§ EXERCISE REQUIREMENTS:
The expected output is a verbatim reprint of the lines from the beginning of the data that follows through the line that contains "proof (intro ballI impI)".

Dataset entries:
★ ★ ★ ★ ★ ★ ★

theorem lemma5p4:
  fixes f :: "real^'n::finite \<Rightarrow> real^'m::finite"
    and M U :: "(real^'n) set"
    and p k :: nat
    and eta :: "nat \<Rightarrow> real^'n \<Rightarrow> real^'m"
    and E :: "nat \<Rightarrow> real^'n \<Rightarrow> (real^'n) set"
    and theta :: "nat \<Rightarrow> real^'n \<Rightarrow> real"
  assumes "CARD('n) \<ge> 3"
    and "CARD('m) = CARD('n) + p"
    and "open M"
    and "isometric_immersion_on M f"
    and "umbilic_free_on M f"
    and "flat_normal_bundle_on M f"
    and "semi_parallel_on M f"
    and "principal_normals_on M f k eta E"
    and "blaschke_eigenvalues_on M f k E theta"
    and standing: "\<forall>x\<in>M. \<forall>i\<in>{1..k}. \<forall>j\<in>{1..k}. i \<noteq> j \<longrightarrow>
                     mpn f eta i x \<bullet> mpn f eta j x + theta i x + theta j x = 0"
    and "open U" and "U \<subseteq> M" and "U \<noteq> {}"
    and "\<forall>x\<in>U. (norm (mpn f eta k x))\<^sup>2 + 2 * theta k x = 0"
  shows "(\<forall>x\<in>U. \<forall>i\<in>{1..k-1}. \<forall>j\<in>{1..k-1}. i \<noteq> j \<longrightarrow>
            (mpn f eta i x - mpn f eta k x) \<bullet> (mpn f eta j x - mpn f eta k x) = 0)
         \<and> k \<le> p + 1"
proof -
  have orth: "\<forall>x\<in>U. \<forall>i\<in>{1..k-1}. \<forall>j\<in>{1..k-1}. i \<noteq> j \<longrightarrow>
            (mpn f eta i x - mpn f eta k x) \<bullet> (mpn f eta j x - mpn f eta k x) = 0"
  proof (intro ballI impI)
    fix x i j assume "x \<in> U" "i \<in> {1..k-1}" "j \<in> {1..k-1}" "i \<noteq> j"
    with \<open>U \<subseteq> M\<close> standing assms(14) show
      "(mpn f eta i x - mpn f eta k x) \<bullet> (mpn f eta j x - mpn f eta k x) = 0"
      by (intro inner_diff_diff_eq_0[where s = "theta i x" and t = "theta j x" and r = "theta k x"])
        (auto simp: power2_norm_eq_inner)
  qed
  obtain x where "x \<in> U" using \<open>U \<noteq> {}\<close> by blast
  with \<open>U \<subseteq> M\<close> have "x \<in> M" by blast
  have "k \<le> p + 1"
  proof (rule card_principal_normals_le[where f = f and x = x])
    show "invertible (gmat f x)" "rho f x > 0"
      using assms(4,5) \<open>x \<in> M\<close> by (auto simp: isometric_immersion_on_def umbilic_free_on_def)
    show "\<exists>a. a \<noteq> 0 \<and> alpha f x a a = gmet f x a a *\<^sub>R eta i x" if "i \<in> {1..k}" for i
    proof -
      have "subspace (E i x)" "E i x \<noteq> {0}"
        "\<forall>a\<in>E i x. \<forall>b. alpha f x a b = gmet f x a b *\<^sub>R eta i x"
        using assms(8) \<open>x \<in> M\<close> that unfolding principal_normals_on_def by blast+
      then show ?thesis using subspace_0 by blast
    qed
  qed (use assms(2,8) orth \<open>x \<in> U\<close> \<open>x \<in> M\<close> in \<open>auto simp: principal_normals_on_def\<close>)
  with orth show ?thesis by blast
qed

end
(* The standard parabolic faces of $\mathbf P$ are in bijection with the connected subdiagrams of the extended Dynkin diagram that contain $\{-\lambda\}$, via $F_I\mapsto$ the connected component containing $\{-\lambda\}$ of the induced subdiagram on $\{\alpha_j\mid j\notin I\}\cup\{-\lambda\}$ (whose set of simple-root vertices is indexed by $\overline I^0$). This bijection is an isomorphism of posets, where faces and subdiagrams are both ordered by inclusion.
   Context: Let $\mathfrak g$ be a finite-dimensional complex simple Lie algebra with root system $\Phi$, base $\Pi=\{\alpha_1,\dots,\alpha_n\}$, Weyl group $W$; $E$ is the real span of $\Pi$ with $W$-invariant inner product $(\cdot,\cdot)$. Fix a dominant integral weight $\lambda=\sum_i m_i\alpha_i$; for $x\in E$, $c_i(x)$ is the coefficient of $\alpha_i$ in $x$. Weight polytope $\mathbf P=\mathrm{conv}(W\lambda)$. For $I\subseteq\{1,\dots,n\}$, $F_I=\{x\in\mathbf P\mid c_i(x)=m_i\ \forall i\in I\}$ ($F_\emptyset=\mathbf P$); a face of $\mathbf P$ is standard parabolic if it equals $F_I$ for some $I$ (i.e. it is an intersection of the coordinate faces $F_{\{i\}}$). The extended Dynkin diagram is the Dynkin diagram of $\Pi$ with an additional node $\{-\lambda\}$ joined by a single edge to $\alpha_i$ iff $(\lambda,\alpha_i)>0$; subdiagrams are induced subdiagrams on vertex subsets. $\overline I^0$ denotes the set of indices $j$ with $\alpha_j$ in the connected component containing $\{-\lambda\}$ of the induced subdiagram on $\{\alpha_j\mid j\notin I\}\cup\{-\lambda\}$. *)

theory Defs
  imports "HOL-Analysis.Analysis"
begin

definition refl :: "'a::real_inner \<Rightarrow> 'a \<Rightarrow> 'a" where
  "refl a x = x - (2 * (x \<bullet> a) / (a \<bullet> a)) *\<^sub>R a"

text \<open>Irreducible reduced crystallographic root system spanning the ambient space
  (= root system of a finite-dimensional complex simple Lie algebra).\<close>
definition irreducible_root_system :: "'a::euclidean_space set \<Rightarrow> bool" where
  "irreducible_root_system Phi \<longleftrightarrow>
     finite Phi \<and> Phi \<noteq> {} \<and> 0 \<notin> Phi \<and> span Phi = UNIV \<and>
     (\<forall>a\<in>Phi. refl a ` Phi = Phi) \<and>
     (\<forall>a\<in>Phi. \<forall>b\<in>Phi. 2 * (b \<bullet> a) / (a \<bullet> a) \<in> \<int>) \<and>
     (\<forall>a\<in>Phi. \<forall>c::real. c *\<^sub>R a \<in> Phi \<longrightarrow> c = 1 \<or> c = -1) \<and>
     (\<forall>A B. A \<union> B = Phi \<and> A \<inter> B = {} \<and> (\<forall>a\<in>A. \<forall>b\<in>B. a \<bullet> b = 0)
        \<longrightarrow> A = {} \<or> B = {})"

definition is_base :: "'a::euclidean_space set \<Rightarrow> ('i::finite \<Rightarrow> 'a) \<Rightarrow> bool" where
  "is_base Phi alpha \<longleftrightarrow>
     inj alpha \<and> range alpha \<subseteq> Phi \<and> independent (range alpha) \<and>
     (\<forall>b\<in>Phi. \<exists>c::'i \<Rightarrow> int. b = (\<Sum>i\<in>UNIV. of_int (c i) *\<^sub>R alpha i) \<and>
        ((\<forall>i. c i \<ge> 0) \<or> (\<forall>i. c i \<le> 0)))"

inductive_set weyl_group :: "'a::real_inner set \<Rightarrow> ('a \<Rightarrow> 'a) set" for Phi where
  weyl_id: "id \<in> weyl_group Phi"
| weyl_step: "w \<in> weyl_group Phi \<Longrightarrow> a \<in> Phi \<Longrightarrow> refl a \<circ> w \<in> weyl_group Phi"

definition dominant_integral :: "('i \<Rightarrow> 'a::real_inner) \<Rightarrow> 'a \<Rightarrow> bool" where
  "dominant_integral alpha lam \<longleftrightarrow>
     (\<forall>i. 2 * (lam \<bullet> alpha i) / (alpha i \<bullet> alpha i) \<in> \<nat>)"

definition coeff_of :: "('i::finite \<Rightarrow> 'a::real_vector) \<Rightarrow> 'a \<Rightarrow> 'i \<Rightarrow> real" where
  "coeff_of alpha x = (THE c. x = (\<Sum>j\<in>UNIV. c j *\<^sub>R alpha j))"

definition weight_polytope :: "'a::real_inner set \<Rightarrow> 'a \<Rightarrow> 'a set" where
  "weight_polytope Phi lam = convex hull ((\<lambda>w. w lam) ` weyl_group Phi)"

★ ★ ★ ★ ★ ★ ★

§ WORKED SOLUTION:
theorem lemma5p4:
  fixes f :: "real^'n::finite \<Rightarrow> real^'m::finite"
    and M U :: "(real^'n) set"
    and p k :: nat
    and eta :: "nat \<Rightarrow> real^'n \<Rightarrow> real^'m"
    and E :: "nat \<Rightarrow> real^'n \<Rightarrow> (real^'n) set"
    and theta :: "nat \<Rightarrow> real^'n \<Rightarrow> real"
  assumes "CARD('n) \<ge> 3"
    and "CARD('m) = CARD('n) + p"
    and "open M"
    and "isometric_immersion_on M f"
    and "umbilic_free_on M f"
    and "flat_normal_bundle_on M f"
    and "semi_parallel_on M f"
    and "principal_normals_on M f k eta E"
    and "blaschke_eigenvalues_on M f k E theta"
    and standing: "\<forall>x\<in>M. \<forall>i\<in>{1..k}. \<forall>j\<in>{1..k}. i \<noteq> j \<longrightarrow>
                     mpn f eta i x \<bullet> mpn f eta j x + theta i x + theta j x = 0"
    and "open U" and "U \<subseteq> M" and "U \<noteq> {}"
    and "\<forall>x\<in>U. (norm (mpn f eta k x))\<^sup>2 + 2 * theta k x = 0"
  shows "(\<forall>x\<in>U. \<forall>i\<in>{1..k-1}. \<forall>j\<in>{1..k-1}. i \<noteq> j \<longrightarrow>
            (mpn f eta i x - mpn f eta k x) \<bullet> (mpn f eta j x - mpn f eta k x) = 0)
         \<and> k \<le> p + 1"
proof -
  have orth: "\<forall>x\<in>U. \<forall>i\<in>{1..k-1}. \<forall>j\<in>{1..k-1}. i \<noteq> j \<longrightarrow>
            (mpn f eta i x - mpn f eta k x) \<bullet> (mpn f eta j x - mpn f eta k x) = 0"
  proof (intro ballI impI)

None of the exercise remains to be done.